Purification and characterization of molybdenum-containing aldehyde dehydrogenase that oxidizes benzyl maltol derivative from Pseudomonas nitroreducens SB32154
Hibi, Makoto,Kozono, Iori,Ogawa, Jun,Takeuchi, Michiki
, p. 2390 - 2400 (2020/08/05)
Maltol derivatives are used in a variety of fields due to their metal-chelating abilities. In the previous study, it was found that cytochrome P450 monooxygenase, P450nov, which has the ability to effectively convert the 2-methyl group in a maltol derivative, transformed 3-benzyloxy-2-methyl-4-pyrone (BMAL) to 2-(hydroxymethyl)-3-(phenylmethoxy)-4H-pyran-4-one (BMAL-OH) and slightly to 3-benzyloxy-4-oxo-4 H-pyran-2-carboxaldehyde (BMAL-CHO).
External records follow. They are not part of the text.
lemma ordered_copy_inside_copy:
  assumes en: "enumerated S lt" and fl: "fraisse_limit ar R S" and sa: "strong_amalgamation ar R S"
    and w: "emb ar R S S w"
  shows "\<exists>\<phi>. \<phi> ` S \<subseteq> w ` S \<and> oemb ar R lt S S \<phi>"
proof -
  let ?r = "enum_rank S lt"
  have "\<exists>q. \<forall>n. ordered_partial_copy ar R S lt w n q"
    by (rule dependent_choice_prefixes[of "ordered_partial_copy ar R S lt w"])
      (fact ordered_partial_copy_cong ordered_partial_copy_0 ordered_partial_copy_extend[OF en fl sa w])+
  then obtain q where q: "\<And>n. ordered_partial_copy ar R S lt w n q"
    by blast
  have q_in: "q i \<in> S" for i
    using q[of "Suc i"] by (auto simp: ordered_partial_copy_def)
  have q_mono: "lt (w (q i)) (w (q j))" if "i < j" for i j
    using q[of "Suc j"] that by (simp add: ordered_partial_copy_def)
  have "emb ar R S S (q \<circ> ?r)"
  proof (rule emb_if_emb_on_finite_subsets)
    fix F assume "finite F" "F \<subseteq> S"
    then obtain N where "F \<subseteq> {s\<in>S. ?r s < N}"
      using finite_nat_bounded[of "?r ` F"] by auto
    then show "emb ar R F S (q \<circ> ?r)"
      using q[of N] unfolding ordered_partial_copy_def by (auto intro: emb_subset_domain)
  qed
  define \<phi> where "\<phi> = w \<circ> (q \<circ> ?r)"
  have "emb ar R S S \<phi>"
    unfolding \<phi>_def using \<open>emb ar R S S (q \<circ> ?r)\<close> w by (rule emb_comp)
  moreover have "\<phi> ` S \<subseteq> w ` S"
    using q_in by (auto simp: \<phi>_def)
  moreover have "lt (\<phi> x) (\<phi> y)" if "x \<in> S" "y \<in> S" "lt x y" for x y
    unfolding \<phi>_def using q_mono enum_rank_less[OF en that] by simp
  moreover have "\<phi> ` S \<subseteq> S"
    using \<open>emb ar R S S \<phi>\<close> by (simp add: emb_def)
  ultimately show ?thesis
    unfolding oemb_def using enumerated_strict_mono_iff[OF en, of \<phi>] by blast
qed

lemma Emb_factor_through_image:
  assumes w: "emb ar R S T w" and g: "emb ar R A T g" and "g ` A \<subseteq> w ` S"
  shows "\<exists>f\<in>Emb ar R A S. restrict (w \<circ> f) A = restrict g A"
proof
  show "restrict (inv_into S w \<circ> g) A \<in> Emb ar R A S"
    using emb_comp[OF emb_subset[OF g order_refl assms(3)] emb_inv_into[OF w]]
    by (rule restrict_in_Emb)
  show "restrict (w \<circ> restrict (inv_into S w \<circ> g) A) A = restrict g A"
    using assms(3) by (auto simp: f_inv_into_f image_subset_iff)
qed

lemma binom_inside_copy:
  assumes w: "emb ar R S S w" and "S' \<subseteq> w ` S" and "E \<in> binom ar R lt S' A"
  shows "\<exists>f\<in>Emb ar R A S. oemb ar R lt A S (restrict (w \<circ> f) A) \<and> restrict (w \<circ> f) A ` A = E"
proof -
  obtain g where E: "E \<subseteq> S'" and g: "bij_betw g A E" "oemb ar R lt A E g"
    using assms(3) unfolding binom_def oiso_def by blast
  have "w ` S \<subseteq> S"
    using w by (simp add: emb_def)
  with g(2) E assms(2) have "emb ar R A S g"
    by (meson emb_mono_codomain oemb_def order_trans)
  then have g_emb: "emb ar R A S (restrict g A)"
    by (rule emb_cong) simp
  have g_image: "restrict g A ` A = E"
    using g(1) by (simp add: bij_betw_def)
  with E assms(2) have "restrict g A ` A \<subseteq> w ` S"
    by blast
  then obtain f where "f \<in> Emb ar R A S" "restrict (w \<circ> f) A = restrict g A"
    using Emb_factor_through_image[OF w g_emb] by auto
  moreover have "oemb ar R lt A S (restrict g A)"
    using g_emb g(2) by (simp add: oemb_def)
  ultimately show ?thesis
    using g_image by metis
qed

lemma finite_big_ramsey_degrees_copies:
  assumes en: "enumerated S lt" and fl: "fraisse_limit ar R S" and sa: "strong_amalgamation ar R S"
    and brd: "finite_big_ramsey_degrees ar R S" and A: "finite A" "A \<subseteq> S"
  shows "\<exists>n. \<forall>k (\<chi>::'a set \<Rightarrow> nat). (\<forall>E\<in>binom ar R lt S A. \<chi> E < k) \<longrightarrow>
           (\<exists>S'\<subseteq>S. oiso ar R lt S S' \<and> card (\<chi> ` binom ar R lt S' A) \<le> n)"
proof -
  obtain n where n: "\<And>k (\<chi>'::('a \<Rightarrow> 'a) \<Rightarrow> nat). \<forall>f\<in>Emb ar R A S. \<chi>' f < k \<Longrightarrow>
      \<exists>w\<in>Emb ar R S S. card (\<chi>' ` {restrict (w \<circ> f) A | f. f \<in> Emb ar R A S}) \<le> n"
    using brd A unfolding finite_big_ramsey_degrees_def by blast
  have "\<exists>S'\<subseteq>S. oiso ar R lt S S' \<and> card (\<chi> ` binom ar R lt S' A) \<le> n"
    if \<chi>: "\<forall>E\<in>binom ar R lt S A. \<chi> E < k" for k and \<chi> :: "'a set \<Rightarrow> nat"
  proof -
    define \<chi>' where "\<chi>' h = (if oemb ar R lt A S h then \<chi> (h ` A) else 0)" for h
    have \<chi>'_bound: "\<chi>' h < Suc k" for h
    proof (cases "oemb ar R lt A S h")
      case True
      then have "h ` A \<in> binom ar R lt S A"
        using oemb_imp_oiso_image[OF True] by (auto simp: binom_def oemb_def emb_def)
      then show ?thesis
        using True \<chi> by (simp add: \<chi>'_def less_Suc_eq)
    qed (simp add: \<chi>'_def)
    then obtain w where "w \<in> Emb ar R S S"
      and few_colours: "card (\<chi>' ` {restrict (w \<circ> f) A | f. f \<in> Emb ar R A S}) \<le> n"
        (is "card ?C \<le> n")
      using n by blast
    then have w: "emb ar R S S w"
      by (simp add: Emb_def)
    obtain \<phi> where \<phi>: "\<phi> ` S \<subseteq> w ` S" "oemb ar R lt S S \<phi>"
      using ordered_copy_inside_copy[OF en fl sa w] by blast
    have "\<chi> ` binom ar R lt (\<phi> ` S) A \<subseteq> ?C"
    proof
      fix c assume "c \<in> \<chi> ` binom ar R lt (\<phi> ` S) A"
      then obtain E where "c = \<chi> E" "E \<in> binom ar R lt (\<phi> ` S) A"
        by blast
      then obtain f where "f \<in> Emb ar R A S" "\<chi>' (restrict (w \<circ> f) A) = c"
        using binom_inside_copy[OF w \<phi>(1)] by (metis \<chi>'_def)
      then show "c \<in> ?C"
        by blast
    qed
    moreover have "finite ?C"
      using \<chi>'_bound by (blast intro: finite_subset[of _ "{..<Suc k}"])
    ultimately have "card (\<chi> ` binom ar R lt (\<phi> ` S) A) \<le> n"
      using few_colours by (meson card_mono le_trans)
    moreover have "\<phi> ` S \<subseteq> S"
      using \<phi>(2) by (simp add: oemb_def emb_def)
    ultimately show ?thesis
      using oemb_imp_oiso_image[OF \<phi>(2)] by blast
  qed
  then show ?thesis
    by blast
qed

theorem corollary6p8:
  fixes ar :: "'l \<Rightarrow> nat" and R :: "'l \<Rightarrow> 'a list \<Rightarrow> bool"
    and lt :: "'a \<Rightarrow> 'a \<Rightarrow> bool" and S :: "'a set"
  assumes "enumerated S lt"
    and "fraisse_limit ar R S"
    and "finite_big_ramsey_degrees ar R S"
    and "strong_amalgamation ar R S"
    and "natural_1pt_ext ar R S"
  shows "\<forall>A\<in>Fin S. \<exists>n::nat. \<forall>(k::nat) (\<gamma>::'a set \<Rightarrow> 'a set \<Rightarrow> nat).
           (\<forall>B\<in>Fin S. \<forall>E\<in>binom ar R lt B A. \<gamma> B E < k) \<longrightarrow>
           (\<exists>S' c. S' \<subseteq> S \<and> oiso ar R lt S S' \<and>
              (\<forall>E\<in>binom ar R lt S' A. c E \<in> Fin S \<and> E \<subseteq> c E) \<and>
              card {\<gamma> (c E) E | E. E \<in> binom ar R lt S' A} \<le> n)"
proof
  fix A assume "A \<in> Fin S"
  then have A: "finite A" "A \<noteq> {}" "A \<subseteq> S"
    by (auto simp: Fin_def)
  obtain n where n: "\<And>k (\<chi> :: 'a set \<Rightarrow> nat). \<forall>E\<in>binom ar R lt S A. \<chi> E < k \<Longrightarrow>
      \<exists>S'\<subseteq>S. oiso ar R lt S S' \<and> card (\<chi> ` binom ar R lt S' A) \<le> n"
    using finite_big_ramsey_degrees_copies[OF assms(1,2,4,3) A(1,3)] by blast
  show "\<exists>n::nat. \<forall>(k::nat) (\<gamma>::'a set \<Rightarrow> 'a set \<Rightarrow> nat).
      (\<forall>B\<in>Fin S. \<forall>E\<in>binom ar R lt B A. \<gamma> B E < k) \<longrightarrow>
      (\<exists>S' c. S' \<subseteq> S \<and> oiso ar R lt S S' \<and>
         (\<forall>E\<in>binom ar R lt S' A. c E \<in> Fin S \<and> E \<subseteq> c E) \<and>
         card {\<gamma> (c E) E | E. E \<in> binom ar R lt S' A} \<le> n)"
  proof (intro exI[of _ n] allI impI)
    fix k and \<gamma> :: "'a set \<Rightarrow> 'a set \<Rightarrow> nat"
    assume \<gamma>: "\<forall>B\<in>Fin S. \<forall>E\<in>binom ar R lt B A. \<gamma> B E < k"
    have "\<gamma> E E < k" if "E \<in> binom ar R lt S A" for E
      using \<gamma> Fin_if_in_binom[OF A(1,2) order_refl that] that by (simp add: binom_def)
    then obtain S' where "S' \<subseteq> S" "oiso ar R lt S S'"
      and "card ((\<lambda>E. \<gamma> E E) ` binom ar R lt S' A) \<le> n"
      using n[of "\<lambda>E. \<gamma> E E"] by blast
    moreover have "{\<gamma> E E | E. E \<in> binom ar R lt S' A} = (\<lambda>E. \<gamma> E E) ` binom ar R lt S' A"
      by blast
    ultimately show "\<exists>S' c. S' \<subseteq> S \<and> oiso ar R lt S S' \<and>
        (\<forall>E\<in>binom ar R lt S' A. c E \<in> Fin S \<and> E \<subseteq> c E) \<and>
        card {\<gamma> (c E) E | E. E \<in> binom ar R lt S' A} \<le> n"
      using Fin_if_in_binom[OF A(1,2)] by (intro exI[of _ S'] exI[of _ "\<lambda>E. E"]) auto
  qed
qed

end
We isolated Pseudomonas nitroreducens SB32154 with the ability to convert BMAL-CHO to BMAL-COOH from soil. The enzyme responsible for aldehyde oxidation, a BMAL-CHO dehydrogenase, was purified from P. nitroreducens SB32154 and characterized. The purified BMAL-CHO dehydrogenase was found to be a xanthine oxidase family enzyme with unique structure of heterodimer composed of 75 and 15 kDa subunits containing a molybdenum cofactor and [Fe-S] clusters, respectively. The enzyme showed broad substrate specificity toward benzaldehyde derivatives. Furthermore, one-pot conversion of BMAL to BMAL-COOH via BMAL-CHO by the combination of the BMAL-CHO dehydrogenase with P450nov was achieved.